The discarded ‘Blumine’ had its own history, though.  It had begun life as part of incidental music that Mahler had composed for a stage adaptation of Joseph Victor von Steffel’s poem, Der Trompeter von Säkkingen (The Trumpeter of Sackingen) in Kassel in 1884, which presented the poem’s narrative as seven tableaux vivants.  The music that would later become Blumine originally accompanied the poem’s ‘Rhine Serenade’.  The theatrical performance seems to have been well received, the Hessischen Morgenzeitung reporting on 25th June, ‘The tableaux vivants on Scheffel’s Trompeter von Säkkingen, for which music director Mahler had composed music full of thoroughly genuine feeling, succeeded splendidly and were enthusiastically applauded’. 

However, Mahler seems to have invested little in the music – which he was obliged to provide to fulfil his contract at the Königliches Theater in Kassel – writing on 1st January 1885 to Fritz Löhr, ‘My ‘Trumpeter music’ has been performed in Mannheim and is shortly to be performed in Wiesbaden and Karlsruhe.  All of course without any instigation whatsoever on my part.  For you know how little this work in particular concerns me.’  No performing material is extant except that which we now know as Blumine, though this score, too, like the early manuscripts of the First Symphony, was lost, and only rediscovered in 1959.  The work received its first performance since 1884 in 1967, under the baton of Benjamin Britten.
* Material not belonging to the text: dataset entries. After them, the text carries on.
(* Let $H_\bullet,G_\bullet$ be braided crossed modules and let $E$ be a braided butterfly from $H_\bullet$ to $G_\bullet$, with maps $\kappa\colon H_1\to E$, $\imath\colon G_1\to E$, $\pi\colon E\to H_0$, $\jmath\colon E\to G_0$. (1) If the corresponding weak morphism $\mathscr H\to\mathscr G$ is essentially surjective, equivalently if $\jmath\colon E\to G_0$ is an epimorphism of sheaves, then $H_\bullet$ symmetric (resp. Picard) implies $G_\bullet$ symmetric (resp. Picard). (2) If $\mathscr H\to\mathscr G$ has trivial homotopy kernel, equivalently if $\kappa\colon H_1\to E$ is injective, then $G_\bullet$ symmetric (resp. Picard) implies $H_\bullet$ symmetric (resp. Picard).
   Context: $\mathcal S$ is a site with subcanonical topology; groups are sheaves of groups. A crossed module $[G_1\xrightarrow{\partial}G_0]$ (right action $g\mapsto g^x$, $\partial(g^x)=x^{-1}\partial(g)x$, $g_0^{\partial g_1}=g_1^{-1}g_0g_1$) is braided by a map $\{-,-\}\colon G_0\times G_0\to G_1$ with $\partial\{x,y\}=y^{-1}x^{-1}yx$, $\{x,yz\}=\{x,y\}^z\{x,z\}$, $\{xy,z\}=\{y,z\}\{x,z\}^y$, $\{x,\partial h\}=h^{-1}h^x$, $\{\partial g,y\}=(g^y)^{-1}g$; the associated gr-stack $\mathscr G=[G_1\to G_0]^\sim$ is then braided, with braiding $s_{X,Y}\colon X\otimes Y\to Y\otimes X$. A braided crossed module is symmetric (resp. Picard) if the braiding of its gr-stack satisfies $s_{Y,X}s_{X,Y}=\mathrm{id}$ for all $X,Y$ (resp. additionally $s_{X,X}=\mathrm{id}$ for all $X$). A butterfly from $H_\bullet$ to $G_\bullet$ is a group $E$ with maps as in the claim such that $\pi\kappa=\partial_H$, $\jmath\imath=\partial_G$, $\jmath\kappa=1$, $1\to G_1\to E\to H_0\to1$ short exact, $\imath(g^{\jmath(e)})=e^{-1}\imath(g)e$, $\kappa(h^{\pi(e)})=e^{-1}\kappa(h)e$; it is braided if $\kappa\{\pi(x),\pi(y)\}_H\,\imath\{\jmath(x),\jmath(y)\}_G=y^{-1}x^{-1}yx$ for all $x,y\in E$. Its weak morphism is the additive functor $\mathscr H=[H_1\to H_0]^\sim\to\mathscr G$ given by $P^\sim\circ(Q^\sim)^{-1}$ with $Q=(\mathrm{pr}_1,\pi)$, $P=(\mathrm{pr}_2,\jmath)$ the strict morphisms from $[H_1\times G_1\xrightarrow{\kappa\cdot\imath}E]$. *)

theory Defs
  imports "HOL-Algebra.Group"
begin

section \<open>Sites (Grothendieck topologies given by covering sieves)\<close>

record ('o,'m) site_data =
  Obj :: "'o set"
  Arr :: "'m set"
  Dom :: "'m \<Rightarrow> 'o"
  Cod :: "'m \<Rightarrow> 'o"
  Idm :: "'o \<Rightarrow> 'm"
  Cmp :: "'m \<Rightarrow> 'm \<Rightarrow> 'm"   (* Cmp f g = f \<circ> g, defined when Dom f = Cod g *)
  Cov :: "'o \<Rightarrow> 'm set set"

definition is_category :: "('o,'m,'z) site_data_scheme \<Rightarrow> bool" where
  "is_category C \<longleftrightarrow>
     (\<forall>f\<in>Arr C. Dom C f \<in> Obj C \<and> Cod C f \<in> Obj C) \<and>
     (\<forall>X\<in>Obj C. Idm C X \<in> Arr C \<and> Dom C (Idm C X) = X \<and> Cod C (Idm C X) = X) \<and>
     (\<forall>f\<in>Arr C. \<forall>g\<in>Arr C. Dom C f = Cod C g \<longrightarrow>
        Cmp C f g \<in> Arr C \<and> Dom C (Cmp C f g) = Dom C g \<and> Cod C (Cmp C f g) = Cod C f) \<and>
     (\<forall>f\<in>Arr C. Cmp C f (Idm C (Dom C f)) = f \<and> Cmp C (Idm C (Cod C f)) f = f) \<and>
     (\<forall>f\<in>Arr C. \<forall>g\<in>Arr C. \<forall>h\<in>Arr C. Dom C f = Cod C g \<and> Dom C g = Cod C h \<longrightarrow>
        Cmp C (Cmp C f g) h = Cmp C f (Cmp C g h))"

definition arrows_into :: "('o,'m,'z) site_data_scheme \<Rightarrow> 'o \<Rightarrow> 'm set" where
  "arrows_into C U = {f\<in>Arr C. Cod C f = U}"

definition is_sieve :: "('o,'m,'z) site_data_scheme \<Rightarrow> 'o \<Rightarrow> 'm set \<Rightarrow> bool" where
  "is_sieve C U S \<longleftrightarrow> S \<subseteq> arrows_into C U \<and>
     (\<forall>f\<in>S. \<forall>g\<in>Arr C. Cod C g = Dom C f \<longrightarrow> Cmp C f g \<in> S)"

definition pullback_sieve :: "('o,'m,'z) site_data_scheme \<Rightarrow> 'm \<Rightarrow> 'm set \<Rightarrow> 'm set" where
  "pullback_sieve C f S = {g\<in>Arr C. Cod C g = Dom C f \<and> Cmp C f g \<in> S}"

definition is_site :: "('o,'m,'z) site_data_scheme \<Rightarrow> bool" where
  "is_site C \<longleftrightarrow> is_category C \<and>
     (\<forall>U. U \<notin> Obj C \<longrightarrow> Cov C U = {}) \<and>
     (\<forall>U\<in>Obj C. \<forall>S\<in>Cov C U. is_sieve C U S) \<and>
     (\<forall>U\<in>Obj C. arrows_into C U \<in> Cov C U) \<and>
     (\<forall>U\<in>Obj C. \<forall>S\<in>Cov C U. \<forall>f\<in>arrows_into C U. pullback_sieve C f S \<in> Cov C (Dom C f)) \<and>
     (\<forall>U\<in>Obj C. \<forall>S\<in>Cov C U. \<forall>R. is_sieve C U R \<and>
        (\<forall>f\<in>S. pullback_sieve C f R \<in> Cov C (Dom C f)) \<longrightarrow> R \<in> Cov C U)"

definition is_presheaf :: "('o,'m,'z) site_data_scheme \<Rightarrow> ('o \<Rightarrow> 'a set) \<Rightarrow> ('m \<Rightarrow> 'a \<Rightarrow> 'a) \<Rightarrow> bool" where
  "is_presheaf C F r \<longleftrightarrow>
     (\<forall>f\<in>Arr C. \<forall>x\<in>F (Cod C f). r f x \<in> F (Dom C f)) \<and>
     (\<forall>X\<in>Obj C. \<forall>x\<in>F X. r (Idm C X) x = x) \<and>
     (\<forall>f\<in>Arr C. \<forall>g\<in>Arr C. Dom C f = Cod C g \<longrightarrow>
        (\<forall>x\<in>F (Cod C f). r (Cmp C f g) x = r g (r f x)))"

definition matching_family ::
  "('o,'m,'z) site_data_scheme \<Rightarrow> ('o \<Rightarrow> 'a set) \<Rightarrow> ('m \<Rightarrow> 'a \<Rightarrow> 'a) \<Rightarrow> 'm set \<Rightarrow> ('m \<Rightarrow> 'a) \<Rightarrow> bool" where
  "matching_family C F r S s \<longleftrightarrow>
     (\<forall>f\<in>S. s f \<in> F (Dom C f)) \<and>
     (\<forall>f\<in>S. \<forall>g\<in>Arr C. Cod C g = Dom C f \<longrightarrow> r g (s f) = s (Cmp C f g))"

definition is_sheaf :: "('o,'m,'z) site_data_scheme \<Rightarrow> ('o \<Rightarrow> 'a set) \<Rightarrow> ('m \<Rightarrow> 'a \<Rightarrow> 'a) \<Rightarrow> bool" where
  "is_sheaf C F r \<longleftrightarrow> is_presheaf C F r \<and>
     (\<forall>U\<in>Obj C. \<forall>S\<in>Cov C U. \<forall>s. matching_family C F r S s \<longrightarrow>
        (\<exists>!x. x \<in> F U \<and> (\<forall>f\<in>S. r f x = s f)))"

definition subcanonical :: "('o,'m,'z) site_data_scheme \<Rightarrow> bool" where
  "subcanonical C \<longleftrightarrow> (\<forall>V\<in>Obj C.
     is_sheaf C (\<lambda>X. {h\<in>Arr C. Dom C h = X \<and> Cod C h = V}) (\<lambda>f h. Cmp C h f))"

definition is_group_sheaf :: "('o,'m,'z) site_data_scheme \<Rightarrow> ('o \<Rightarrow> 'a monoid) \<Rightarrow> ('m \<Rightarrow> 'a \<Rightarrow> 'a) \<Rightarrow> bool" where
  "is_group_sheaf C G r \<longleftrightarrow> (\<forall>U\<in>Obj C. group (G U)) \<and>
     is_sheaf C (\<lambda>U. carrier (G U)) r \<and>
     (\<forall>f\<in>Arr C. r f \<in> hom (G (Cod C f)) (G (Dom C f)))"

definition is_sheaf_hom ::
  "('o,'m,'z) site_data_scheme \<Rightarrow> ('o \<Rightarrow> 'a monoid) \<Rightarrow> ('m \<Rightarrow> 'a \<Rightarrow> 'a) \<Rightarrow>
   ('o \<Rightarrow> 'b monoid) \<Rightarrow> ('m \<Rightarrow> 'b \<Rightarrow> 'b) \<Rightarrow> ('o \<Rightarrow> 'a \<Rightarrow> 'b) \<Rightarrow> bool" where
  "is_sheaf_hom C A rA B rB \<phi> \<longleftrightarrow>
     (\<forall>U\<in>Obj C. \<phi> U \<in> hom (A U) (B U)) \<and>
     (\<forall>f\<in>Arr C. \<forall>x\<in>carrier (A (Cod C f)). rB f (\<phi> (Cod C f) x) = \<phi> (Dom C f) (rA f x))"

text \<open>Epimorphism of sheaves = local surjectivity.\<close>
definition sheaf_epi ::
  "('o,'m,'z) site_data_scheme \<Rightarrow> ('o \<Rightarrow> 'a monoid) \<Rightarrow>
   ('o \<Rightarrow> 'b monoid) \<Rightarrow> ('m \<Rightarrow> 'b \<Rightarrow> 'b) \<Rightarrow> ('o \<Rightarrow> 'a \<Rightarrow> 'b) \<Rightarrow> bool" where
  "sheaf_epi C A B rB \<phi> \<longleftrightarrow>
     (\<forall>U\<in>Obj C. \<forall>y\<in>carrier (B U). \<exists>S\<in>Cov C U. \<forall>f\<in>S.
        \<exists>x\<in>carrier (A (Dom C f)). \<phi> (Dom C f) x = rB f y)"
(* With the notation in the context, the following identity of linear endomorphisms of $\mathbb C^{\mathcal L(\Omega)}$ holds: $(q^2-1)\big(L_2(x_0)R_2(x_0)-R_2(x_0)L_2(x_0)\big)=(q^2-1)D_3(x_0)+D_4(x_0)-q^DD_1(x_0)^{-1}D_2(x_0)^{-1}$.
   Context: $\Omega$ is a $D$-dimensional vector space over a finite field $\mathbb F$ and $q=\sqrt{|\mathbb F|}$. $\mathcal L(\Omega)$ is the set of subspaces of $\Omega$ and $\mathbb C^{\mathcal L(\Omega)}$ the complex vector space with basis $\mathcal L(\Omega)$; $x'\subset\mathrel{\cdot} x$ means $x'\subseteq x$ with $\dim x'=\dim x-1$; $|y|$ denotes the cardinality of a subspace $y$ (so $|y|=q^{2\dim y}$). Fix subspaces $x_0,x_1$ with $\Omega=x_0\oplus x_1$; for $u\in\Omega$ write $u=u_0+u_1$ with $u_0\in x_0$, $u_1\in x_1$. For $x\in\mathcal L(\Omega)$ let $\tau(x):(x+x_0)/x_0\to x_0/(x\cap x_0)$ be the linear map $u+x_0\mapsto u_0+(x\cap x_0)$ ($u\in x$). Linear maps on $\mathbb C^{\mathcal L(\Omega)}$ are defined on the basis by: $L_1(x_0)x=\sum x'$ over $x'\subset\mathrel{\cdot} x$ with $x'\cap x_0=x\cap x_0$; $L_2(x_0)x=\sum x'$ over $x'\subset\mathrel{\cdot} x$ with $x'+x_0=x+x_0$; $R_1(x_0)x=\sum x'$ over $x\subset\mathrel{\cdot} x'$ with $x'\cap x_0=x\cap x_0$; $R_2(x_0)x=\sum x'$ over $x\subset\mathrel{\cdot} x'$ with $x'+x_0=x+x_0$; $D_1(x_0)x=q^{\dim(\Omega/x_0)-2\dim((x+x_0)/x_0)}x$; $D_2(x_0)x=q^{\dim x_0-2\dim(x\cap x_0)}x$; $D_3(x_0)x=\sum x'$ over $x'\in\mathcal L(\Omega)$ with $x'+x_0=x+x_0$, $x'\cap x_0=x\cap x_0$ and $\operatorname{rank}(\tau(x')-\tau(x))=1$; $D_4(x_0)x=\big(\frac{|x|+|x_0|}{|x\cap x_0|}-1\big)x$. *)

theory Defs
  imports Complex_Main
begin

text \<open>Omega is the whole type 'v.  Linear endomorphisms of
  C^{L(Omega)} are represented by their matrices with respect to the basis L(Omega):
  M y x is the coefficient of the basis vector y in M(x).\<close>

type_synonym 'v op = "'v set \<Rightarrow> 'v set \<Rightarrow> complex"

definition subspaces :: "('f::field \<Rightarrow> 'v::ab_group_add \<Rightarrow> 'v) \<Rightarrow> 'v set set" where
  "subspaces sc = {x. module.subspace sc x}"

abbreviation vdim :: "('f::field \<Rightarrow> 'v::ab_group_add \<Rightarrow> 'v) \<Rightarrow> 'v set \<Rightarrow> nat" where
  "vdim sc \<equiv> vector_space.dim sc"

definition Dim :: "('f::field \<Rightarrow> 'v::ab_group_add \<Rightarrow> 'v) \<Rightarrow> nat" where
  "Dim sc = vdim sc (UNIV :: 'v set)"

definition qq :: "('f::{field,finite} \<Rightarrow> 'v::ab_group_add \<Rightarrow> 'v) \<Rightarrow> real" where
  "qq sc = sqrt (real (card (UNIV :: 'f set)))"

definition ssum :: "'v::ab_group_add set \<Rightarrow> 'v set \<Rightarrow> 'v set" where
  "ssum x y = {a + b | a b. a \<in> x \<and> b \<in> y}"

definition covby :: "('f::field \<Rightarrow> 'v::ab_group_add \<Rightarrow> 'v) \<Rightarrow> 'v set \<Rightarrow> 'v set \<Rightarrow> bool" where
  "covby sc x' x \<longleftrightarrow> x' \<in> subspaces sc \<and> x \<in> subspaces sc \<and> x' \<subseteq> x \<and> vdim sc x' + 1 = vdim sc x"

definition ocomp :: "('f::field \<Rightarrow> 'v::ab_group_add \<Rightarrow> 'v) \<Rightarrow> 'v op \<Rightarrow> 'v op \<Rightarrow> 'v op" where
  "ocomp sc A B = (\<lambda>y x. \<Sum>z\<in>subspaces sc. A y z * B z x)"

definition oid :: "'v op" where
  "oid = (\<lambda>y x. if y = x then 1 else 0)"

definition oinv :: "('f::field \<Rightarrow> 'v::ab_group_add \<Rightarrow> 'v) \<Rightarrow> 'v op \<Rightarrow> 'v op" where
  "oinv sc M = (THE N. (\<forall>y x. (y \<notin> subspaces sc \<or> x \<notin> subspaces sc) \<longrightarrow> N y x = 0) \<and>
      (\<forall>y\<in>subspaces sc. \<forall>x\<in>subspaces sc. ocomp sc N M y x = oid y x \<and> ocomp sc M N y x = oid y x))"

definition proj0 :: "'v::ab_group_add set \<Rightarrow> 'v set \<Rightarrow> 'v \<Rightarrow> 'v" where
  "proj0 x0 x1 u = (THE a. a \<in> x0 \<and> u - a \<in> x1)"

definition coset :: "'v::ab_group_add set \<Rightarrow> 'v \<Rightarrow> 'v set" where
  "coset W u = {u + w | w. w \<in> W}"

text \<open>tau(x) : (x + x0)/x0 \<rightarrow> x0/(x \<inter> x0), u + x0 \<mapsto> u0 + (x \<inter> x0) for u \<in> x;
  elements of quotients are represented as cosets\<close>
definition tau :: "'v::ab_group_add set \<Rightarrow> 'v set \<Rightarrow> 'v set \<Rightarrow> 'v set \<Rightarrow> 'v set" where
  "tau x0 x1 x C = (let u = (SOME u. u \<in> x \<and> coset x0 u = C)
                    in coset (x \<inter> x0) (proj0 x0 x1 u))"

definition qdom :: "'v::ab_group_add set \<Rightarrow> 'v set \<Rightarrow> 'v set set" where
  "qdom x0 x = {coset x0 u | u. u \<in> x}"

definition tau_diff :: "'v::ab_group_add set \<Rightarrow> 'v set \<Rightarrow> 'v set \<Rightarrow> 'v set \<Rightarrow> 'v set \<Rightarrow> 'v set" where
  "tau_diff x0 x1 x' x C = {a - b | a b. a \<in> tau x0 x1 x' C \<and> b \<in> tau x0 x1 x C}"

text \<open>rank of tau(x') - tau(x): dimension of its image, a subspace of x0/(x \<inter> x0);
  computed as dim U - dim (x \<inter> x0) where U \<subseteq> x0 is the preimage of the image
  under the quotient map x0 \<rightarrow> x0/(x \<inter> x0) (i.e. the union of the image cosets)\<close>
definition tau_rank :: "('f::field \<Rightarrow> 'v::ab_group_add \<Rightarrow> 'v) \<Rightarrow> 'v set \<Rightarrow> 'v set \<Rightarrow> 'v set \<Rightarrow> 'v set \<Rightarrow> nat" where
  "tau_rank sc x0 x1 x' x =
     vdim sc (\<Union>C\<in>qdom x0 x. tau_diff x0 x1 x' x C) - vdim sc (x \<inter> x0)"

definition opL1 :: "('f::field \<Rightarrow> 'v::ab_group_add \<Rightarrow> 'v) \<Rightarrow> 'v set \<Rightarrow> 'v op" where
  "opL1 sc x0 = (\<lambda>y x. if covby sc y x \<and> y \<inter> x0 = x \<inter> x0 then 1 else 0)"

definition opL2 :: "('f::field \<Rightarrow> 'v::ab_group_add \<Rightarrow> 'v) \<Rightarrow> 'v set \<Rightarrow> 'v op" where
  "opL2 sc x0 = (\<lambda>y x. if covby sc y x \<and> ssum y x0 = ssum x x0 then 1 else 0)"

definition opR1 :: "('f::field \<Rightarrow> 'v::ab_group_add \<Rightarrow> 'v) \<Rightarrow> 'v set \<Rightarrow> 'v op" where
  "opR1 sc x0 = (\<lambda>y x. if covby sc x y \<and> y \<inter> x0 = x \<inter> x0 then 1 else 0)"

definition opR2 :: "('f::field \<Rightarrow> 'v::ab_group_add \<Rightarrow> 'v) \<Rightarrow> 'v set \<Rightarrow> 'v op" where
  "opR2 sc x0 = (\<lambda>y x. if covby sc x y \<and> ssum y x0 = ssum x x0 then 1 else 0)"

definition opD1 :: "('f::{field,finite} \<Rightarrow> 'v::ab_group_add \<Rightarrow> 'v) \<Rightarrow> 'v set \<Rightarrow> 'v op" where
  "opD1 sc x0 = (\<lambda>y x. if y = x \<and> x \<in> subspaces sc then
      complex_of_real (qq sc powr real_of_int
        ((int (Dim sc) - int (vdim sc x0)) - 2 * (int (vdim sc (ssum x x0)) - int (vdim sc x0))))
      else 0)"

definition opD2 :: "('f::{field,finite} \<Rightarrow> 'v::ab_group_add \<Rightarrow> 'v) \<Rightarrow> 'v set \<Rightarrow> 'v op" where
  "opD2 sc x0 = (\<lambda>y x. if y = x \<and> x \<in> subspaces sc then
      complex_of_real (qq sc powr real_of_int (int (vdim sc x0) - 2 * int (vdim sc (x \<inter> x0))))
      else 0)"

definition opD3 :: "('f::field \<Rightarrow> 'v::ab_group_add \<Rightarrow> 'v) \<Rightarrow> 'v set \<Rightarrow> 'v set \<Rightarrow> 'v op" where
  "opD3 sc x0 x1 = (\<lambda>y x. if y \<in> subspaces sc \<and> x \<in> subspaces sc \<and> ssum y x0 = ssum x x0 \<and>
      y \<inter> x0 = x \<inter> x0 \<and> tau_rank sc x0 x1 y x = 1 then 1 else 0)"

definition opD4 :: "('f::field \<Rightarrow> 'v::ab_group_add \<Rightarrow> 'v) \<Rightarrow> 'v set \<Rightarrow> 'v op" where
  "opD4 sc x0 = (\<lambda>y x. if y = x \<and> x \<in> subspaces sc then
      (of_nat (card x) + of_nat (card x0)) / of_nat (card (x \<inter> x0)) - 1 else 0)"

end

theory Submission
  imports Defs "HOL-Library.Cardinality"
begin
Leah Broad © Monika Tomiczek / Oxford Atelier

The conductor and critic Max Steinitzer recalled that Mahler thought his music for Trompeter was ‘absolutely worthless’, explaining, ‘I have never heard of it since, but possibly some of it might still be at Kassel.  He brought with him to Leipzig only the score of one movement, which I thought expressed its subject very well: in the moonlight Werner is playing a serenade across the Rhine to the castle where Margareta lives.  However, Mahler found it too sentimental, fretted about it, and I had to give him my word to destroy the piano arrangement that I had made of it.’

Broad, however, sees rather more import in Blumine, suggesting it was inspired by Mahler’s love for two women: initially, Johanna Richter, a singer at the opera house in Kassel, before she was supplanted in his heart by a married woman, Marion von Weber, with whom Mahler planned to elope … before his dreams were scuppered by von Weber’s no-show at the railway station.  Broad notes, ‘on the last page of Blumine he wrote “To M. on her birthday”, inscribing their romance into his score.’  She describes the 1884 Blumine as ‘full of overtly dramatic musical gestures’.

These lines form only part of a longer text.